- **Information shown**
definition fuzzy_set :: "('a \<Rightarrow> real) \<Rightarrow> bool" where
  "fuzzy_set u \<longleftrightarrow> (\<forall>x. 0 \<le> u x \<and> u x \<le> 1)"

definition cut :: "('a::topological_space \<Rightarrow> real) \<Rightarrow> real \<Rightarrow> 'a set" where
  "cut u \<alpha> = (if \<alpha> = 0 then closure {x. u x > 0} else {x. u x \<ge> \<alpha>})"

definition F_USC :: "('a::topological_space \<Rightarrow> real) set" where
  "F_USC = {u. fuzzy_set u \<and> (\<forall>\<alpha>\<in>{0..1}. cut u \<alpha> \<noteq> {} \<and> closed (cut u \<alpha>))}"

definition endo :: "('a \<Rightarrow> real) \<Rightarrow> ('a \<times> real) set" where
  "endo u = {(x, t). t \<in> {0..1} \<and> u x \<ge> t}"

definition sendo :: "('a::topological_space \<Rightarrow> real) \<Rightarrow> ('a \<times> real) set" where
  "sendo u = endo u \<inter> (cut u 0 \<times> {0..1})"

definition hausdorff :: "('b \<Rightarrow> 'b \<Rightarrow> real) \<Rightarrow> 'b set \<Rightarrow> 'b set \<Rightarrow> ereal" where
  "hausdorff \<rho> U V = max (SUP a\<in>U. INF b\<in>V. ereal (\<rho> a b)) (SUP b\<in>V. INF a\<in>U. ereal (\<rho> a b))"

definition dbar :: "('a::metric_space \<times> real) \<Rightarrow> ('a \<times> real) \<Rightarrow> real" where
  "dbar p q = dist (fst p) (fst q) + \<bar>snd p - snd q\<bar>"

definition H_end :: "('a::metric_space \<Rightarrow> real) \<Rightarrow> ('a \<Rightarrow> real) \<Rightarrow> ereal" where
  "H_end u v = hausdorff dbar (endo u) (endo v)"

definition H_send :: "('a::metric_space \<Rightarrow> real) \<Rightarrow> ('a \<Rightarrow> real) \<Rightarrow> ereal" where
  "H_send u v = hausdorff dbar (sendo u) (sendo v)"

definition kliminf :: "(nat \<Rightarrow> 'b::topological_space set) \<Rightarrow> 'b set" where
  "kliminf C = {x. \<exists>f. (\<forall>n. f n \<in> C n) \<and> f \<longlonglongrightarrow> x}"

definition klimsup :: "(nat \<Rightarrow> 'b::topological_space set) \<Rightarrow> 'b set" where
  "klimsup C = {x. \<exists>r f. strict_mono r \<and> (\<forall>j. f j \<in> C (r j)) \<and> f \<longlonglongrightarrow> x}"

definition kuratowski_conv :: "(nat \<Rightarrow> 'b::topological_space set) \<Rightarrow> 'b set \<Rightarrow> bool" where
  "kuratowski_conv C A \<longleftrightarrow> A = kliminf C \<and> A = klimsup C"

definition gamma_conv :: "(nat \<Rightarrow> 'a::topological_space \<Rightarrow> real) \<Rightarrow> ('a \<Rightarrow> real) \<Rightarrow> bool" where
  "gamma_conv us u \<longleftrightarrow> kuratowski_conv (\<lambda>n. endo (us n)) (endo u)"

end

theory Submission
  imports Defs
begin

(* The endograph of a nonnegative u is its sendograph together with the base X x {0}, and the
   two coincide above the base; the base of send u is [u]_0 x {0}, so [u]_0 is the projection of
   send u. Hence Hausdorff-close sendographs have close endographs (the base is common to all
   endographs) and close supports (project to X). Conversely, a point of send u is approximated
   by a point of end u_n; if that point lies on the base, the level of the original point is
   small, and a nearby point of [u_n]_0 x {0} approximates it within twice the distance.
   Kuratowski convergence follows the same pattern with sequences, using that X x (0, oo) is
   open. *)

definition subset_nbhd :: "('b \<Rightarrow> 'b \<Rightarrow> real) \<Rightarrow> real \<Rightarrow> 'b set \<Rightarrow> 'b set \<Rightarrow> bool" where
  "subset_nbhd \<rho> e U V \<longleftrightarrow> (\<forall>a\<in>U. \<exists>b\<in>V. \<rho> a b < e)"

lemma subset_nbhdI: "(\<And>a. a \<in> U \<Longrightarrow> \<exists>b\<in>V. \<rho> a b < e) \<Longrightarrow> subset_nbhd \<rho> e U V"
  unfolding subset_nbhd_def by blast

lemma subset_nbhdE:
  assumes "subset_nbhd \<rho> e U V" "a \<in> U"
  obtains b where "b \<in> V" "\<rho> a b < e"
  using assms unfolding subset_nbhd_def by blast

lemma hausdorff_symmetric:
  assumes "\<And>a b. \<rho> a b = \<rho> b a"
  shows "hausdorff \<rho> U V = max (SUP a\<in>U. INF b\<in>V. ereal (\<rho> a b)) (SUP b\<in>V. INF a\<in>U. ereal (\<rho> b a))"
  unfolding hausdorff_def using assms by simp

lemma SUP_INF_le_if_subset_nbhd:
  assumes "subset_nbhd \<rho> e U V"
  shows "(SUP a\<in>U. INF b\<in>V. ereal (\<rho> a b)) \<le> ereal e"
proof (rule SUP_least)
  fix a assume "a \<in> U"
  with assms obtain b where "b \<in> V" "\<rho> a b < e" by (rule subset_nbhdE)
  then have "(INF b\<in>V. ereal (\<rho> a b)) \<le> ereal (\<rho> a b)" by (intro INF_lower)
  also have "\<dots> \<le> ereal e" using \<open>\<rho> a b < e\<close> by simp
  finally show "(INF b\<in>V. ereal (\<rho> a b)) \<le> ereal e" .
qed

lemma subset_nbhd_if_SUP_INF_less:
  assumes "(SUP a\<in>U. INF b\<in>V. ereal (\<rho> a b)) < ereal e"
  shows "subset_nbhd \<rho> e U V"
proof (rule subset_nbhdI)
  fix a assume "a \<in> U"
  then have "(INF b\<in>V. ereal (\<rho> a b)) < ereal e"
    using assms by (meson SUP_upper order.strict_trans1)
  then show "\<exists>b\<in>V. \<rho> a b < e" by (simp add: INF_less_iff)
qed

lemma hausdorff_nonneg:
  assumes "U \<noteq> {}" "\<And>a b. 0 \<le> \<rho> a b"
  shows "0 \<le> hausdorff \<rho> U V"
proof -
  obtain a where "a \<in> U" using assms(1) by blast
  have "0 \<le> (INF b\<in>V. ereal (\<rho> a b))" by (rule INF_greatest) (simp add: assms(2))
  also have "\<dots> \<le> (SUP a\<in>U. INF b\<in>V. ereal (\<rho> a b))" using \<open>a \<in> U\<close> by (rule SUP_upper)
  also have "\<dots> \<le> hausdorff \<rho> U V" unfolding hausdorff_def by simp
  finally show ?thesis .
qed

lemma hausdorff_tendsto_0_iff:
  assumes "\<And>n. U n \<noteq> {}" "\<And>a b. 0 \<le> \<rho> a b" "\<And>a b. \<rho> a b = \<rho> b a"
  shows "(\<lambda>n. hausdorff \<rho> (U n) (V n)) \<longlonglongrightarrow> 0 \<longleftrightarrow>
    (\<forall>e>0. \<forall>\<^sub>F n in sequentially. subset_nbhd \<rho> e (U n) (V n) \<and> subset_nbhd \<rho> e (V n) (U n))"
    (is "_ \<longleftrightarrow> (\<forall>e>0. \<forall>\<^sub>F n in sequentially. ?near e n)")
proof
  assume lim: "(\<lambda>n. hausdorff \<rho> (U n) (V n)) \<longlonglongrightarrow> 0"
  show "\<forall>e>0. \<forall>\<^sub>F n in sequentially. ?near e n"
  proof (intro allI impI)
    fix e :: real assume "e > 0"
    then have "\<forall>\<^sub>F n in sequentially. hausdorff \<rho> (U n) (V n) < ereal e"
      using order_tendstoD(2)[OF lim, of "ereal e"] by simp
    then show "\<forall>\<^sub>F n in sequentially. ?near e n"
      by eventually_elim (simp add: hausdorff_symmetric[OF assms(3)] subset_nbhd_if_SUP_INF_less)
  qed
next
  assume near: "\<forall>e>0. \<forall>\<^sub>F n in sequentially. ?near e n"
  show "(\<lambda>n. hausdorff \<rho> (U n) (V n)) \<longlonglongrightarrow> 0"
  proof (rule order_tendstoI)
    fix a :: ereal assume "a < 0"
    then show "\<forall>\<^sub>F n in sequentially. a < hausdorff \<rho> (U n) (V n)"
      using hausdorff_nonneg[OF assms(1,2)] by (simp add: order.strict_trans2)
  next
    fix a :: ereal assume "0 < a"
    then obtain e where "0 < ereal e" "ereal e < a" using ereal_dense2 by blast
    then have "\<forall>\<^sub>F n in sequentially. ?near e n" using near by simp
    then show "\<forall>\<^sub>F n in sequentially. hausdorff \<rho> (U n) (V n) < a"
    proof eventually_elim
      case (elim n)
      then have "hausdorff \<rho> (U n) (V n) \<le> ereal e"
        by (simp add: hausdorff_symmetric[OF assms(3)] SUP_INF_le_if_subset_nbhd)
      then show ?case using \<open>ereal e < a\<close> by simp
    qed
  qed
qed

lemma kliminfI: "(\<And>n. f n \<in> C n) \<Longrightarrow> f \<longlonglongrightarrow> x \<Longrightarrow> x \<in> kliminf C"
  unfolding kliminf_def by blast

lemma kliminfE:
  assumes "x \<in> kliminf C"
  obtains f where "\<forall>n. f n \<in> C n" "f \<longlonglongrightarrow> x"
  using assms unfolding kliminf_def by blast

lemma klimsupI: "strict_mono r \<Longrightarrow> (\<And>j. f j \<in> C (r j)) \<Longrightarrow> f \<longlonglongrightarrow> x \<Longrightarrow> x \<in> klimsup C"
  unfolding klimsup_def by blast

lemma klimsupE:
  assumes "x \<in> klimsup C"
  obtains r f where "strict_mono r" "\<forall>j. f j \<in> C (r j)" "f \<longlonglongrightarrow> x"
  using assms unfolding klimsup_def by blast

lemma kliminf_subset_klimsup: "kliminf C \<subseteq> klimsup C"
  unfolding kliminf_def klimsup_def using strict_mono_id by fastforce

lemma kuratowski_conv_iff: "kuratowski_conv C A \<longleftrightarrow> A \<subseteq> kliminf C \<and> klimsup C \<subseteq> A"
  unfolding kuratowski_conv_def using kliminf_subset_klimsup[of C] by blast

lemma kliminf_mono: "(\<And>n. C n \<subseteq> D n) \<Longrightarrow> kliminf C \<subseteq> kliminf D"
  unfolding kliminf_def by blast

- **Work instruction**
Beginning with the first line of the listing above, please write out every line exactly until you reach the line that contains "dist (fst p)", and include that one too.

- **Answer for this exercise**
definition fuzzy_set :: "('a \<Rightarrow> real) \<Rightarrow> bool" where
  "fuzzy_set u \<longleftrightarrow> (\<forall>x. 0 \<le> u x \<and> u x \<le> 1)"

definition cut :: "('a::topological_space \<Rightarrow> real) \<Rightarrow> real \<Rightarrow> 'a set" where
  "cut u \<alpha> = (if \<alpha> = 0 then closure {x. u x > 0} else {x. u x \<ge> \<alpha>})"

definition F_USC :: "('a::topological_space \<Rightarrow> real) set" where
  "F_USC = {u. fuzzy_set u \<and> (\<forall>\<alpha>\<in>{0..1}. cut u \<alpha> \<noteq> {} \<and> closed (cut u \<alpha>))}"

definition endo :: "('a \<Rightarrow> real) \<Rightarrow> ('a \<times> real) set" where
  "endo u = {(x, t). t \<in> {0..1} \<and> u x \<ge> t}"

definition sendo :: "('a::topological_space \<Rightarrow> real) \<Rightarrow> ('a \<times> real) set" where
  "sendo u = endo u \<inter> (cut u 0 \<times> {0..1})"

definition hausdorff :: "('b \<Rightarrow> 'b \<Rightarrow> real) \<Rightarrow> 'b set \<Rightarrow> 'b set \<Rightarrow> ereal" where
  "hausdorff \<rho> U V = max (SUP a\<in>U. INF b\<in>V. ereal (\<rho> a b)) (SUP b\<in>V. INF a\<in>U. ereal (\<rho> a b))"

definition dbar :: "('a::metric_space \<times> real) \<Rightarrow> ('a \<times> real) \<Rightarrow> real" where
  "dbar p q = dist (fst p) (fst q) + \<bar>snd p - snd q\<bar>"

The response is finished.